Read The Day of the Scorpion Online

Authors: Paul Scott

Tags: #Classics, #Historical Fiction

The Day of the Scorpion (61 page)

‘The day after,’ Sister Prior suggested.

‘I shall be in Pankot the day after – I thought of ringing before I left.’

‘Oh well, your uncle can keep in touch. I’m sorry to hustle you, but we have our little duties.’

Sarah laughed. Sister Prior in the ward, in front of her patient, was quite a different person from the one in the waiting-room. She did not like either, but preferred the bitterness to the professional coyness. She turned to Merrick.

‘I’ll write to you from Pankot.’

‘Will you?’

The reply, meant – she believed – to shatter her, seemed to bounce off her. Never before had she been so conscious of the thickness of skin that was part of her inheritance. But consciousness of it at once began to thin it down. He had not meant, perhaps, to remind her of the earlier unkept promise, but had spoken involuntarily, out of genuine hope but lack of real expectation.

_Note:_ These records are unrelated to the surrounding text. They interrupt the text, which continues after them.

(* Let $M\geq 1$ be an integer and let $(\tau^\prime,R)$ be an $M$-layer medium for transmission, with $\tau^\prime=(\tau_0,\ldots,\tau_{M+1})$, $\tau=(\tau_0,\ldots,\tau_M)$, $R=(R_0,\ldots,R_M)$, and write $|\tau^\prime|=\tau_0+\cdots+\tau_{M+1}$. Then \[ H^{(\tau^\prime,R)}(t)=\sum_{k\in\{0\}\times\mathbb{Z}^M_+}b(R,k)\,\delta\bigl(t-\tfrac{1}{2}|\tau^\prime|-\langle k,\tau\rangle\bigr), \] where for each $k\in\{0\}\times\mathbb{Z}^M_+$, \[ b(R,k)=\sum_{0\leq m\leq\min\{k,\tilde{k}\}}\binom{k}{m}\binom{\tilde{k}}{m}(-R)^{\tilde{k}-m}R^{k-m}T^{2m+\mathbb{1}}, \] the sum being over $m\in\mathbb{Z}^{M+1}$.
   Context: Fix depths $z_{-1}<z_0<\cdots<z_M<z_{M+1}$. The medium consists of positive reals $\tau^\prime=(\tau_0,\ldots,\tau_{M+1})$ ($\tau_j/2$ is the time to traverse between $z_{j-1}$ and $z_j$) and reals $R=(R_0,\ldots,R_M)$ with $-1<R_n<1$; $T_n=\sqrt{1-R_n^2}$, $T=(T_0,\ldots,T_M)$. $\mathbb{Z}_+$ denotes the nonnegative integers. A transmission scattering sequence is a finite sequence $\mathsf{p}=(\mathsf{p}_0,\ldots,\mathsf{p}_L)$ with $\mathsf{p}_0=z_{-1}$, $\mathsf{p}_L=z_{M+1}$, $\mathsf{p}_i\in\{z_0,\ldots,z_M\}$ for $1\le i\le L-1$, and for every $0\le i\le L-1$ there is $-1\le j\le M$ with $\{\mathsf{p}_i,\mathsf{p}_{i+1}\}=\{z_j,z_{j+1}\}$. Its weight is $w(\mathsf{p})=\prod_{i=1}^{L-1}w_i$, where if $\mathsf{p}_i=z_j$: $w_i=R_j$ if $\mathsf{p}_{i-1}=\mathsf{p}_{i+1}=z_{j-1}$; $w_i=-R_j$ if $\mathsf{p}_{i-1}=\mathsf{p}_{i+1}=z_{j+1}$; $w_i=T_j$ otherwise. Its arrival time is $\sigma(\mathsf{p})=\sum_{i=0}^{L-1}\tau_{j_i}/2$ where step $i$ goes between $z_{j_i-1}$ and $z_{j_i}$ ($0\le j_i\le M+1$). The transmission Green's function (velocity impulse response recorded at $z_{M+1}$ for a downward unit plane-wave impulse started at $z_{-1}$) is $H^{(\tau^\prime,R)}(t)=\sum_{\mathsf{p}}w(\mathsf{p})\delta(t-\sigma(\mathsf{p}))$ over all transmission scattering sequences, terms with equal arrival times combined. Vector conventions: $\tilde{k}=(k_1,\ldots,k_M,0)$; $\mathbb{1}=(1,\ldots,1)$; $\min$ and $\le$ entrywise; $\langle k,\tau\rangle=\sum_{n=0}^M k_n\tau_n$; $s^d=\prod_n s_n^{d_n}$ (with $0^0=1$); $\binom{x}{y}=\prod_n\binom{x_n}{y_n}$. *)

theory Defs
  imports Complex_Main
begin

text \<open>Depth z_j is encoded by the natural number j+1, so positions range over
  0 (= z_{-1}) .. M+2 (= z_{M+1}).  A step between positions a and a+1 is a step
  between z_{a-1} and z_a, traversed in time tau_a / 2.
  tau' :: nat => real (indices 0..M+1), R :: nat => real (indices 0..M).\<close>

definition Tco :: "(nat \<Rightarrow> real) \<Rightarrow> nat \<Rightarrow> real" where
  "Tco R n = sqrt (1 - (R n)\<^sup>2)"

definition trans_seq :: "nat \<Rightarrow> nat list \<Rightarrow> bool" where
  "trans_seq M p \<longleftrightarrow> length p \<ge> 2 \<and> p ! 0 = 0 \<and> p ! (length p - 1) = M + 2 \<and>
     (\<forall>i. 1 \<le> i \<and> i < length p - 1 \<longrightarrow> 1 \<le> p ! i \<and> p ! i \<le> M + 1) \<and>
     (\<forall>i < length p - 1. p ! (i+1) = p ! i + 1 \<or> p ! i = p ! (i+1) + 1)"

‘Of course,’ she said and then, determinedly, subtly stressing his Christian name because as yet he had not called her Sarah, she ended, ‘Goodbye, Ronald.’

‘Goodbye,’ he said. For an instant there was a repetition of that difficulty with the throat. ‘Goodbye,’ he said again, and closed his eyes, as if he knew he had been played with long enough.

*

In the corridor Sister Prior said, ‘He’s marvellous, isn’t he? You simply wouldn’t know he’s constantly in pain. He fights taking drugs. Is he a religious man?’

‘Religious? No, I don’t think so.’

‘I ask because there are sects that think pain is something you have to bear. With Ronald we have to get up to all sorts of tricks. But the odd thing is him thinking he’s not been drugged has the effect you’d expect if he actually wasn’t.’

Sister Prior pressed the button to summon the lift. The Bengal sky beyond the window of the waiting-alcove was sodden with rain and cloud and evening. Below, waiting, was Uncle Arthur on whom fortune had smiled at last.

‘Of course,’ Sister Prior was saying – and this, surely, was a third persona? – the talkative, informed and uniformed
bouncer? – ‘it’s all to the good that he’s not over-dependent. He’ll come through tomorrow that much better.’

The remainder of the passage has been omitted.